Dalla lista dei libri del 2020 preferiti da Obama, The Undocumented Americans è stato quel libro che mi ha fatto ritrovare la voglia di leggere: con questa breve recensione, vi consiglio di aggiungerlo alle letture per comprendere meglio il sistema e la società americana.

The Undocumented Americans racconta la vita degli immigrati senza documenti, negli Stati Uniti.

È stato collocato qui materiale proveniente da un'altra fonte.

lemma mollify_set_half_density_ratio_bounds:
  fixes \<rho> :: "'a::euclidean_space \<Rightarrow> real"
  assumes "mollifier \<rho>"
  obtains \<delta> where "\<delta> > 0"
    and "\<And>E \<epsilon> y. E \<in> sets lebesgue \<Longrightarrow> \<epsilon> > 0 \<Longrightarrow> 1/2 < mollify_set \<rho> \<epsilon> E y \<Longrightarrow>
           \<delta> \<le> density_ratio E y (2*\<epsilon>)"
    and "\<And>E \<epsilon> y. E \<in> sets lebesgue \<Longrightarrow> \<epsilon> > 0 \<Longrightarrow> mollify_set \<rho> \<epsilon> E y \<le> 1/2 \<Longrightarrow>
           density_ratio E y (2*\<epsilon>) \<le> 1 - \<delta>"
proof -
  obtain M where "M > 0" and M: "\<And>x. \<rho> x \<le> M"
    using mollifier_bounded[OF assms] by blast
  define K where "K = M * 2^DIM('a) * measure lebesgue (ball (0::'a) 1)"
  have "K > 0"
    using \<open>M > 0\<close> content_ball_pos[of 1 "0::'a"] by (simp add: K_def)
  show ?thesis
  proof (rule that[of "1 / (2*K)"])
    show "1 / (2*K) > 0" using \<open>K > 0\<close> by simp
    fix E :: "'a set" and \<epsilon> :: real and y
    assume E: "E \<in> sets lebesgue" and "\<epsilon> > 0"
    note bound = mollify_set_le_density_ratio[OF assms \<open>\<epsilon> > 0\<close> M, folded K_def]
    show "1 / (2*K) \<le> density_ratio E y (2*\<epsilon>)" if "1/2 < mollify_set \<rho> \<epsilon> E y"
    proof -
      have "1 \<le> 2 * (K * density_ratio E y (2*\<epsilon>))"
        using bound[OF E, of y] that by linarith
      then show ?thesis
        using \<open>K > 0\<close> by (simp add: pos_divide_le_eq mult_ac)
    qed
    show "density_ratio E y (2*\<epsilon>) \<le> 1 - 1 / (2*K)" if "mollify_set \<rho> \<epsilon> E y \<le> 1/2"
    proof -
      have "- E \<in> sets lebesgue"
        using sets.compl_sets[OF E] by (simp add: Compl_eq_Diff_UNIV)
      from bound[OF this, of y]
      have "1 - mollify_set \<rho> \<epsilon> E y \<le> K * (1 - density_ratio E y (2*\<epsilon>))"
        using E \<open>\<epsilon> > 0\<close> by (simp add: mollify_set_Compl[OF assms] density_ratio_Compl)
      then have "1 \<le> 2 * (K * (1 - density_ratio E y (2*\<epsilon>)))"
        using that by linarith
      then have "1 / (2*K) \<le> 1 - density_ratio E y (2*\<epsilon>)"
        using \<open>K > 0\<close> by (subst pos_divide_le_eq) (simp_all add: mult_ac)
      then show ?thesis
        by linarith
    qed
  qed
qed

lemma tendsto_emeasure_tail_Union_zero:
  assumes "\<And>j. S j \<in> sets \<mu>" "emeasure \<mu> (\<Union>j. S j) \<noteq> \<infinity>"
    and "\<And>y. \<forall>\<^sub>F j in sequentially. y \<notin> S j"
  shows "(\<lambda>k. emeasure \<mu> (\<Union>j\<in>{k..}. S j)) \<longlonglongrightarrow> 0"
proof -
  have "(\<lambda>k. emeasure \<mu> (\<Union>j\<in>{k..}. S j)) \<longlonglongrightarrow> emeasure \<mu> (\<Inter>k. \<Union>j\<in>{k..}. S j)"
  proof (rule Lim_emeasure_decseq)
    show "range (\<lambda>k. \<Union>j\<in>{k..}. S j) \<subseteq> sets \<mu>"
      using assms(1) by auto
    show "decseq (\<lambda>k. \<Union>j\<in>{k..}. S j)"
      by (auto simp: decseq_def intro: order_trans)
    show "emeasure \<mu> (\<Union>j\<in>{k..}. S j) \<noteq> \<infinity>" for k
    proof -
      have "emeasure \<mu> (\<Union>j\<in>{k..}. S j) \<le> emeasure \<mu> (\<Union>j. S j)"
        using assms(1) by (intro emeasure_mono) auto
      then show ?thesis
        using assms(2) by (auto simp: top_unique)
    qed
  qed
  moreover have "(\<Inter>k. \<Union>j\<in>{k..}. S j) = {}"
    using assms(3) by (fastforce simp: eventually_sequentially)
  ultimately show ?thesis
    by simp
qed

lemma total_variation_mono:
  assumes "sets \<mu>P = sets borel" "sets \<mu>N = sets borel" "B \<in> sets borel" "A \<subseteq> B"
  shows "total_variation \<mu>P \<mu>N A \<le> total_variation \<mu>P \<mu>N B"
proof (cases "A \<in> sets borel")
  case True
  then show ?thesis
    using assms unfolding total_variation_def by (intro add_mono emeasure_mono) auto
next
  case False
  then have "emeasure \<mu>P A = 0" "emeasure \<mu>N A = 0"
    using assms by (auto intro: emeasure_notin_sets)
  then show ?thesis
    unfolding total_variation_def by simp
qed

lemma tendsto_total_variation_tail_Union_zero:
  fixes S :: "nat \<Rightarrow> 'a::euclidean_space set"
  assumes "radon_measure \<mu>P" "radon_measure \<mu>N"
    and "\<And>j. S j \<in> sets borel" "\<And>j. S j \<subseteq> cball 0 R"
    and "\<And>y. \<forall>\<^sub>F j in sequentially. y \<notin> S j"
  shows "(\<lambda>k. total_variation \<mu>P \<mu>N (\<Union>j\<in>{k..}. S j)) \<longlonglongrightarrow> 0"
proof -
  have "(\<lambda>k. emeasure \<mu> (\<Union>j\<in>{k..}. S j)) \<longlonglongrightarrow> 0" if "radon_measure \<mu>" for \<mu> :: "'a measure"
  proof (rule tendsto_emeasure_tail_Union_zero[OF _ _ assms(5)])
    show "S j \<in> sets \<mu>" for j
      using that assms(3) by (simp add: radon_measure_def)
    have "emeasure \<mu> (\<Union>j. S j) \<le> emeasure \<mu> (cball 0 R)"
      using that assms(3,4) by (intro emeasure_mono) (auto simp: radon_measure_def)
    also have "\<dots> < \<infinity>"
      using that by (simp add: radon_measure_def)
    finally show "emeasure \<mu> (\<Union>j. S j) \<noteq> \<infinity>"
      by simp
  qed
  from tendsto_add[OF this[OF assms(1)] this[OF assms(2)]] show ?thesis
    by (simp add: total_variation_def)
qed
lemma sum_windows_le:
  fixes w :: "nat \<Rightarrow> real"
  assumes "\<And>e. w e \<ge> 0"
  shows "(\<Sum>i<k. \<Sum>e\<in>window k r i. w e) \<le> (2 * real r + 1) * (\<Sum>e<k. w e)"
proof -
  define I where "I e = {i. i \<in> {..<k} \<and> i \<le> e + r \<and> e \<le> i + r}" for e
  have "(\<Sum>i<k. \<Sum>e\<in>window k r i. w e) = (\<Sum>e<k. \<Sum>i\<in>I e. w e)"
    unfolding window_def I_def
    using sum.swap_restrict[of "{..<k}" "{..<k}" "\<lambda>i e. w e" "\<lambda>i e. i \<le> e + r \<and> e \<le> i + r"]
    by (simp add: lessThan_def)
  also have "\<dots> \<le> (\<Sum>e<k. (2 * real r + 1) * w e)"
  proof (rule sum_mono)
    fix e
    have "card (I e) \<le> card {e - r..e + r}"
      by (rule card_mono) (auto simp: I_def)
    also have "\<dots> \<le> 2 * r + 1"
      by simp
    finally have "real (card (I e)) \<le> 2 * real r + 1"
      by linarith
    then show "(\<Sum>i\<in>I e. w e) \<le> (2 * real r + 1) * w e"
      using assms[of e] by (simp add: mult_right_mono)
  qed
  finally show ?thesis
    by (simp add: sum_distrib_left)
qed

lemma card_vertices_near_edge:
  assumes "r + 1 \<le> k" "i < k"
  shows "r \<le> card {j. j \<le> k \<and> j \<noteq> i \<and> j \<noteq> Suc i \<and> i \<le> j + r \<and> j \<le> Suc i + r}"
    (is "_ \<le> card ?J")
proof -
  have fin: "finite ?J"
    by (rule finite_subset[of _ "{..k}"]) auto
  show ?thesis
  proof (cases "Suc i + r \<le> k")
    case True
    have "card {Suc (Suc i)..Suc i + r} \<le> card ?J"
      using True by (intro card_mono[OF fin]) auto
    then show ?thesis by simp
  next
    case False
    have "{i, Suc i} \<subseteq> {k - r - 1..k}"
      using False assms by auto
    then have "card ({k - r - 1..k} - {i, Suc i}) = r"
      using assms by (simp add: card_Diff_subset)
    moreover have "card ({k - r - 1..k} - {i, Suc i}) \<le> card ?J"
      using False assms by (intro card_mono[OF fin]) auto
    ultimately show ?thesis by simp
  qed
qed

lemma card_incident_edges_lt:
  assumes "finite F" "max_degree_le S F f" "a \<in> S" "{a, b} \<in> F" "a \<notin> K" "b \<notin> K"
  shows "card {c\<in>K. {a, c} \<in> F} < f"
proof -
  let ?A = "{c\<in>K. {a, c} \<in> F}"
  have inj: "inj_on (\<lambda>c. {a, c}) ?A"
    using assms(5) by (auto simp: inj_on_def doubleton_eq_iff)
  have sub: "insert {a, b} ((\<lambda>c. {a, c}) ` ?A) \<subseteq> {e\<in>F. a \<in> e}"
    using assms(4) by auto
  then have "finite ?A"
    using finite_imageD[OF finite_subset inj] assms(1) by blast
  moreover have "{a, b} \<notin> (\<lambda>c. {a, c}) ` ?A"
    using assms(5,6) by (auto simp: doubleton_eq_iff)
  ultimately have "Suc (card ?A) = card (insert {a, b} ((\<lambda>c. {a, c}) ` ?A))"
    by (simp add: card_image[OF inj])
  also have "\<dots> \<le> card {e\<in>F. a \<in> e}"
    using sub assms(1) by (intro card_mono) auto
  also have "\<dots> \<le> f"
    using assms(2,3) unfolding max_degree_le_def by blast
  finally show ?thesis by simp
qed

lemma edge_or_detour_survives:
  assumes "finite F" "max_degree_le S F f" "1 \<le> f" "valid_C f S E' C"
    and "{a, b} \<in> E'" "a \<in> S" "b \<in> S"
  shows "{a, b} \<notin> F \<or> (\<exists>c\<in>C {a, b}. {a, c} \<notin> F \<and> {c, b} \<notin> F)"
proof (rule ccontr)
  let ?A = "{c\<in>C {a, b}. {a, c} \<in> F}" and ?B = "{c\<in>C {a, b}. {b, c} \<in> F}"
  assume "\<not> ?thesis"
  then have ab: "{a, b} \<in> F" "{b, a} \<in> F" and cover: "C {a, b} \<subseteq> ?A \<union> ?B"
    by (auto simp: insert_commute)
  have C: "C {a, b} \<subseteq> S - {a, b}" "card (C {a, b}) = 2 * f - 1"
    using assms(4,5) unfolding valid_C_def by blast+
  then have "finite (C {a, b})"
    using assms(3) by (intro card_ge_0_finite) simp
  then have "card (C {a, b}) \<le> card (?A \<union> ?B)"
    using cover by (intro card_mono) auto
  also have "\<dots> \<le> card ?A + card ?B"
    by (rule card_Un_le)
  finally have "card (C {a, b}) \<le> card ?A + card ?B" .
  moreover have "card ?A < f" "card ?B < f"
    using card_incident_edges_lt[OF assms(1,2)] assms(6,7) ab C(1) by blast+
  ultimately show False
    using C(2) by linarith
qed

lemma valid_C_detour_le_some:
  assumes "valid_C f S E' C" "1 \<le> f" "{a, b} \<in> E'" "c \<in> C {a, b}"
    and "D \<subseteq> S - {a, b}" "2 * f - 1 < card D"
  shows "\<exists>d\<in>D. dist a c + dist c b \<le> dist a d + dist d b"
proof -
  have C: "card (C {a, b}) = 2 * f - 1"
    and better: "\<forall>d\<in>S - {a, b} - C {a, b}. dist a c + dist c b \<le> dist a d + dist d b"
    using assms(1,3,4) unfolding valid_C_def by blast+
  have "finite (C {a, b})"
    using C assms(2) by (intro card_ge_0_finite) simp
  then have "\<not> D \<subseteq> C {a, b}"
    using card_mono[of "C {a, b}" D] C assms(6) by linarith
  then show ?thesis
    using better assms(5) by blast
qed
lemma exact_recurrence_Suc_Suc:
  assumes reg: "regular (Suc n)" and rec: "exact_recurrence n" and rec': "exact_recurrence (Suc n)"
  shows "exact_recurrence (Suc (Suc n))"
proof -
  define x where "x = qrt_A (Suc (Suc n))"
  define y where "y = qrt_B (Suc (Suc n))"
  define N where "N = qrt_N (Suc (Suc (Suc n)))"
  define D where "D = qrt_D (Suc (Suc (Suc n)))"
  have N: "N = period_factor (Suc (Suc (Suc n))) * qrt_A (Suc (Suc (Suc n)))"
    and D: "D = period_factor (Suc n) * qrt_B (Suc (Suc (Suc n)))"
    by (simp_all add: N_def D_def qrt_N_def qrt_D_def period_factor_Suc4)
  have cop: "coprime x (qrt_A (Suc n) * qrt_B (Suc n))" "coprime y (qrt_B (Suc n) * qrt_A (Suc n))"
    using coprime_qrt_Suc_Suc[OF reg rec] by (simp_all add: x_def y_def ac_simps)
  have "x dvd num_form N D"
    using quadratic_form_laurent_dvd[where x = x and p = "period_factor (Suc (Suc n))"
        and d = "qrt_D (Suc (Suc n))" and k = "period_factor (Suc n)"
        and c = "period_factor (Suc (Suc (Suc n)))" and z = "qrt_A n"
        and a' = "qrt_A (Suc (Suc (Suc n)))" and a = "qrt_A (Suc n)"
        and b' = "qrt_B (Suc (Suc (Suc n)))" and b = "qrt_B (Suc n)"
        and r = "bconst a3" and s = "bconst a5" and t = "bconst a6"
        and u = "bconst a1" and v = "bconst a2", OF _ _ _ cop(1)]
      rec rec'
    by (simp add: N D x_def exact_recurrence_def num_form_def den_form_def qrt_N_def qrt_D_def
        ac_simps)
  moreover
  \<comment> \<open>the same step, with the two forms and the two coordinates exchanged\<close>
  have "y dvd den_form N D"
    using quadratic_form_laurent_dvd[where x = y and p = "period_factor (Suc (Suc (Suc (Suc n))))"
        and d = "qrt_N (Suc (Suc n))" and k = "period_factor (Suc (Suc (Suc n)))"
        and c = "period_factor (Suc n)" and z = "qrt_B n"
        and a' = "qrt_B (Suc (Suc (Suc n)))" and a = "qrt_B (Suc n)"
        and b' = "qrt_A (Suc (Suc (Suc n)))" and b = "qrt_A (Suc n)"
        and r = "bconst a3" and s = "bconst a2" and t = "bconst a1"
        and u = "bconst a6" and v = "bconst a5", OF _ _ _ cop(2)]
      rec rec'
    by (simp add: N D y_def exact_recurrence_def num_form_def den_form_def qrt_N_def qrt_D_def
        ac_simps)
  ultimately show ?thesis
    by (simp add: exact_recurrence_def qrt_A_Suc_Suc qrt_B_Suc_Suc x_def y_def N_def D_def
        del: qrt_A.simps(3) qrt_B.simps(3))
qed

lemma qrt_invariants:
  "regular n \<and> regular (Suc n) \<and> exact_recurrence n \<and> exact_recurrence (Suc n)"
proof (induction n)
  case 0
  show ?case using regular_0 regular_1 exact_recurrence_0 exact_recurrence_1 by simp
next
  case (Suc n)
  then show ?case using regular_Suc_Suc exact_recurrence_Suc_Suc by blast
qed

lemma qrt_fraction_step:
  fixes n d a a' b b' c c' :: "'a::field"
  assumes "d \<noteq> 0" "a \<noteq> 0" "b \<noteq> 0" "b' \<noteq> 0" "c \<noteq> 0" "c' \<noteq> 0"
    and num: "r * n^2 + s * n * d + t * d^2 = a' * a"
    and den: "u * n^2 + v * n * d + r * d^2 = b' * b"
  shows "(r * (n/d)^2 + s * (n/d) + t) / ((u * (n/d)^2 + v * (n/d) + r) * ((c * a) / (c' * b)))
    = (c' * a') / (c * b')"
proof -
  have "r * (n/d)^2 + s * (n/d) + t = (a' * a) / d^2"
    unfolding num[symmetric] using \<open>d \<noteq> 0\<close> by (simp add: field_simps power2_eq_square)
  moreover have "u * (n/d)^2 + v * (n/d) + r = (b' * b) / d^2"
    unfolding den[symmetric] using \<open>d \<noteq> 0\<close> by (simp add: field_simps power2_eq_square)
  ultimately show ?thesis
    using assms(1-6) by (simp add: field_simps power2_eq_square)
qed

E l’autrice Karla Cornejo Villavicencio, è una di loro. Arrivata dall’Ecuador, a soli 4 anni, ha vissuto per decenni come immigrata priva di documenti insieme ai suoi genitori. Nel 2011 si è laureata ad Harvard per poi partecipare ad un dottorato di ricerca a Yale, garantito dal programma DACA.

Che cosa è il DACA?

DACA = Deferred Action for Childhood Arrivals, è un programma federale governativo, nato nel 2012 durante il mandato presidenziale di Obama. Concede ad alcune persone portate illegalmente negli Stati Uniti (da bambini), il permesso di vivere, studiare e lavorare.

Per richiederlo è necessario avere una fedina penale pulita, esser studenti o aver appena terminato il percorso di studi o il servizio militare. Se la richiesta viene accettata l’espulsione è rinviata di due anni, dopo i quali si procederà con un altro rinnovo. In questo modo i facenti parte del DACA, possono ottenere alcuni servizi essenziali come la patente di guida, l’iscrizione al college o il permesso di lavorare.

La vittoria di Trump e il terrore degli Undocumented Americans

Anche dopo questa riforma, la loro esistenza non è mai stata semplice, ma dopo la vittoria di Trump, il terrore di dover lasciare il paese, per tutti gli Undocumented Americans, così come per l’autrice e la sua famiglia, si fa sempre più intenso.

Con Trump e la sua politica di intolleranza infatti, il messaggio “qui non sei voluto” è arrivato chiaramente.

Già durante la campagna elettorale, aveva dichiarato di voler abolire il DACA, attraverso “un’ordinata e legittima sfoltita”. Il suo obiettivo? Rimpatriare 11 milioni di immigrati senza documenti.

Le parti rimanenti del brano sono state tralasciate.